Crossing the data with the Swisscanto report for the same year (using a shortcut because they probably haven’t gathered data from the same pension funds, so don’t take these numbers as scientifically accurate), there would be:

  • roughly 3.792 mios surveyed insured people in 2021.
  • roughly 806 billions of AUM in 2021 handled by the surveyed institutions.

It’s the ratio that interests us so the sampling issue isn’t completely invalidating (though it probably remains significant).

So:

  • 0.1% of AUM as average administrative costs.
  • 0.43% of AUM as average assets management costs.

So roughly 0.53% total, in average.

However
There is a huge! variation between pension funds. Administrative costs vary from 62.- to 712.- per insured person (x11.5). Assets management costs vary from 0.05% to 1.26% (x25!).

That is not acceptable in my opinion.

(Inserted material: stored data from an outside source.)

(* Let $\Gamma$ be a labeled graph with $V$ vertices and $E$ edges, let $k\ge0$ and let $D,C_1,\ldots,C_V$ be symbols. Then $$\big(\lambda_\Gamma(C_1,\ldots,C_V)\big)_{,\mu_1\ldots\mu_k}J^{\mu_1\nu_1}\cdots J^{\mu_k\nu_k}D_{,\nu_1\ldots\nu_k}=\sum_{\Gamma'}\lambda_{\Gamma'}(C_1,\ldots,C_V,D),$$ where the sum runs over all labeled graphs $\Gamma'$ with $V+1$ vertices and $E+k$ edges obtained from $\Gamma$ (keeping its vertex and edge labels) by adding a vertex labeled $V+1$ and $k$ edges labeled $E+1,\ldots,E+k$, each joining some vertex of $\Gamma$ to the vertex $V+1$.
   Context: Coordinates $z=(z^1,\ldots,z^{2N})=(x,p)$ on $T^*\mathbb{R}^N$, $(J^{\mu\nu})=\begin{pmatrix}0&I_N\\-I_N&0\end{pmatrix}$, $C_{,\mu_1\ldots\mu_k}$ denotes partial derivatives, repeated indices summed. A labeled graph with $V$ vertices and $E$ edges is a map $s:\{1,\ldots,E\}\to\mathcal{P}_2\{1,\ldots,V\}$ (edge $e$ joins the vertices in $s(e)$); an edge with $s(e)=\{i,j\}$, $i<j$, is oriented $i\to j$. $\lambda_\Gamma(C_1,\ldots,C_V)$: place $C_v$ at vertex $v$ and a factor $J^{\mu_e\nu_e}$ at each edge $e$, differentiate $C_v$ by $\partial_{z^{\mu_e}}$ for each edge $e$ leaving $v$ and by $\partial_{z^{\nu_e}}$ for each edge entering $v$, multiply and sum over all indices. *)

theory Defs
  imports "HOL-Analysis.Analysis"
begin

text \<open>Phase space T*R^N = R^N x R^N, points z = (x,p). Coordinate indices
  are Inl i (the x-coordinates z^1..z^N) and Inr i (the p-coordinates z^{N+1}..z^{2N}).\<close>

type_synonym 'n phase = "(real ^ 'n) \<times> (real ^ 'n)"
type_synonym 'n idx = "'n + 'n"

definition coord_vec :: "'n::finite idx \<Rightarrow> 'n phase" where
  "coord_vec \<mu> = (case \<mu> of Inl i \<Rightarrow> (axis i 1, 0) | Inr i \<Rightarrow> (0, axis i 1))"

definition Jmat :: "'n::finite idx \<Rightarrow> 'n idx \<Rightarrow> real" where
  "Jmat \<mu> \<nu> = (case (\<mu>, \<nu>) of
      (Inl i, Inr j) \<Rightarrow> (if i = j then 1 else 0)
    | (Inr i, Inl j) \<Rightarrow> (if i = j then -1 else 0)
    | _ \<Rightarrow> 0)"

definition pd :: "'n::finite idx \<Rightarrow> ('n phase \<Rightarrow> complex) \<Rightarrow> ('n phase \<Rightarrow> complex)" where
  "pd \<mu> f = (\<lambda>z. frechet_derivative f (at z) (coord_vec \<mu>))"

fun pds :: "'n::finite idx list \<Rightarrow> ('n phase \<Rightarrow> complex) \<Rightarrow> ('n phase \<Rightarrow> complex)" where
  "pds [] f = f"
| "pds (\<mu> # \<mu>s) f = pds \<mu>s (pd \<mu> f)"

definition smooth_symbol :: "('n::finite phase \<Rightarrow> complex) \<Rightarrow> bool" where
  "smooth_symbol f \<longleftrightarrow> (\<forall>\<mu>s. pds \<mu>s f differentiable_on UNIV)"

definition labeled_graph :: "nat \<Rightarrow> nat \<Rightarrow> (nat \<Rightarrow> nat set) \<Rightarrow> bool" where
  "labeled_graph V E s \<longleftrightarrow>
     (\<forall>e\<in>{1..E}. card (s e) = 2 \<and> s e \<subseteq> {1..V}) \<and> (\<forall>e. e \<notin> {1..E} \<longrightarrow> s e = {})"

text \<open>Derivative indices acting on vertex v, given index assignment m (m e = (mu_e, nu_e)):
  edge e with s e = {i,j}, i<j, is oriented i -> j; it contributes mu_e at i and nu_e at j.\<close>
definition vertex_indices :: "nat \<Rightarrow> (nat \<Rightarrow> nat set) \<Rightarrow> (nat \<Rightarrow> 'i \<times> 'i) \<Rightarrow> nat \<Rightarrow> 'i list" where
  "vertex_indices E s m v =
     concat (map (\<lambda>e. if v \<in> s e then (if v = Min (s e) then [fst (m e)] else [snd (m e)]) else [])
                 [1..<E+1])"

definition lambda_graph :: "nat \<Rightarrow> nat \<Rightarrow> (nat \<Rightarrow> nat set) \<Rightarrow> (nat \<Rightarrow> ('n::finite phase \<Rightarrow> complex))
    \<Rightarrow> ('n phase \<Rightarrow> complex)" where
  "lambda_graph V E s C = (\<lambda>z.
     \<Sum>m \<in> Pi\<^sub>E {1..E} (\<lambda>_. (UNIV :: ('n idx \<times> 'n idx) set)).
       (\<Prod>e\<in>{1..E}. complex_of_real (Jmat (fst (m e)) (snd (m e)))) *
       (\<Prod>v\<in>{1..V}. pds (vertex_indices E s m v) (C v) z))"

end

theory Submission
  imports Defs
begin

(* Expand lambda as a sum over index assignments m of the edge weight times the product of the
   vertex factors. By the Leibniz rule, k derivatives of a product over {1..V} give a sum over the
   maps w : {1..k} -> {1..V}, where w j is the factor hit by the j-th derivative. For fixed w the
   resulting term is lambda of the graph in which the new edge E + j joins w j to V + 1: as
   w j < V + 1 the edge is oriented towards the new vertex, so mu_j lands on w j and nu_j on D.
   Finally, w determines this graph and vice versa. *)

lemma pds_append: "pds (xs @ ys) f = pds ys (pds xs f)"
  by (induction xs arbitrary: f) auto

lemma smooth_symbol_pds: "smooth_symbol f \<Longrightarrow> smooth_symbol (pds xs f)"
  unfolding smooth_symbol_def by (metis pds_append)

lemma smooth_symbol_differentiable: "smooth_symbol f \<Longrightarrow> pds xs f differentiable (at z)"
  unfolding smooth_symbol_def differentiable_on_def by (metis UNIV_I)

lemma pd_eq_derivative: "(f has_derivative f') (at z) \<Longrightarrow> pd \<mu> f z = f' (coord_vec \<mu>)"
  unfolding pd_def by (metis frechet_derivative_at)

lemma differentiable_prod:
  fixes g :: "'v \<Rightarrow> 'a::real_normed_vector \<Rightarrow> 'b::real_normed_field"
  assumes "\<And>v. v \<in> I \<Longrightarrow> g v differentiable (at z)"
  shows "(\<lambda>z. \<Prod>v\<in>I. g v z) differentiable (at z)"
proof -
  have "((\<lambda>z. \<Prod>v\<in>I. g v z) has_derivative
      (\<lambda>h. \<Sum>u\<in>I. frechet_derivative (g u) (at z) h * (\<Prod>v\<in>I - {u}. g v z))) (at z)"
    using assms by (intro has_derivative_prod) (simp add: frechet_derivative_works)
  then show ?thesis by (rule differentiableI)
qed

lemma pd_lincomb:
  assumes "finite M" "\<And>m. m \<in> M \<Longrightarrow> g m differentiable (at z)"
  shows "pd \<mu> (\<lambda>z. \<Sum>m\<in>M. c m * g m z) z = (\<Sum>m\<in>M. c m * pd \<mu> (g m) z)"
proof -
  have "((\<lambda>z. \<Sum>m\<in>M. c m * g m z) has_derivative
      (\<lambda>h. \<Sum>m\<in>M. c m * frechet_derivative (g m) (at z) h)) (at z)"
    using assms by (intro has_derivative_sum has_derivative_mult_right)
      (simp add: frechet_derivative_works)
  from pd_eq_derivative[OF this] show ?thesis by (simp add: pd_def)
qed

lemma pd_sum:
  assumes "finite M" "\<And>m. m \<in> M \<Longrightarrow> g m differentiable (at z)"
  shows "pd \<mu> (\<lambda>z. \<Sum>m\<in>M. g m z) z = (\<Sum>m\<in>M. pd \<mu> (g m) z)"
  using pd_lincomb[OF assms, where c = "\<lambda>_. 1"] by simp
text \<open>The pooled sample is indexed by pairs \<open>(k, i)\<close>; \<open>block m k\<close> extracts the
  \<open>k\<close>-th sample \<open>(x\<^sub>0\<^sup>(\<^sup>k\<^sup>), \<dots>, x\<^sub>m\<^sub>-\<^sub>1\<^sup>(\<^sup>k\<^sup>))\<close>.\<close>
definition block :: "nat \<Rightarrow> 'k \<Rightarrow> ('k \<times> nat \<Rightarrow> 'a) \<Rightarrow> nat \<Rightarrow> 'a" where
  "block m k \<omega> = (\<lambda>i\<in>{..<m}. \<omega> (k, i))"

lemma measurable_block:
  assumes "sets M = sets (PiM I (\<lambda>_. borel))" "{k} \<times> {..<m} \<subseteq> I"
  shows "block m k \<in> measurable M (PiM {..<m} (\<lambda>_. borel))"
  unfolding block_def measurable_cong_sets[OF assms(1) refl]
proof (rule measurable_restrict)
  fix i assume "i \<in> {..<m}"
  thus "(\<lambda>\<omega>. \<omega> (k, i)) \<in> measurable (PiM I (\<lambda>_. borel)) borel"
    using assms(2) by (intro measurable_component_singleton) auto
qed

lemma distr_sample_law_block:
  assumes pop: "\<And>j. j \<in> I \<Longrightarrow> population (Fs j)" and "{k} \<times> {..<m} \<subseteq> I"
  shows "distr (sample_law I Fs \<theta>) (PiM {..<m} (\<lambda>_. borel)) (block m k)
       = sample_law {..<m} (\<lambda>i. Fs (k, i)) \<theta>"
proof -
  let ?M = "\<lambda>j. shifted (Fs j) \<theta>"
  have "distr (PiM I ?M) (PiM {..<m} (\<lambda>i. ?M (k, i))) (\<lambda>\<omega>. \<lambda>i\<in>{..<m}. \<omega> (k, i))
      = PiM {..<m} (\<lambda>i. ?M (k, i))"
    using assms by (intro distr_PiM_reindex prob_space_shifted pop) (auto simp: inj_on_def)
  moreover have "distr (PiM I ?M) (PiM {..<m} (\<lambda>i. ?M (k, i))) (\<lambda>\<omega>. \<lambda>i\<in>{..<m}. \<omega> (k, i))
      = distr (sample_law I Fs \<theta>) (PiM {..<m} (\<lambda>_. borel)) (block m k)"
    unfolding sample_law_def block_def by (intro distr_cong refl sets_PiM_cong) (simp add: sets_shifted)
  ultimately show ?thesis unfolding sample_law_def by simp
qed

A solution would be to increase competition by removing the choice from the employers (who are easier to lobby) and giving the choice of pension fund to the insured worker, ala basic health insurance.

This problem should really be handled and it would be easier to communicate on this specific issue toward the general population than on the issue of redistribution between generations.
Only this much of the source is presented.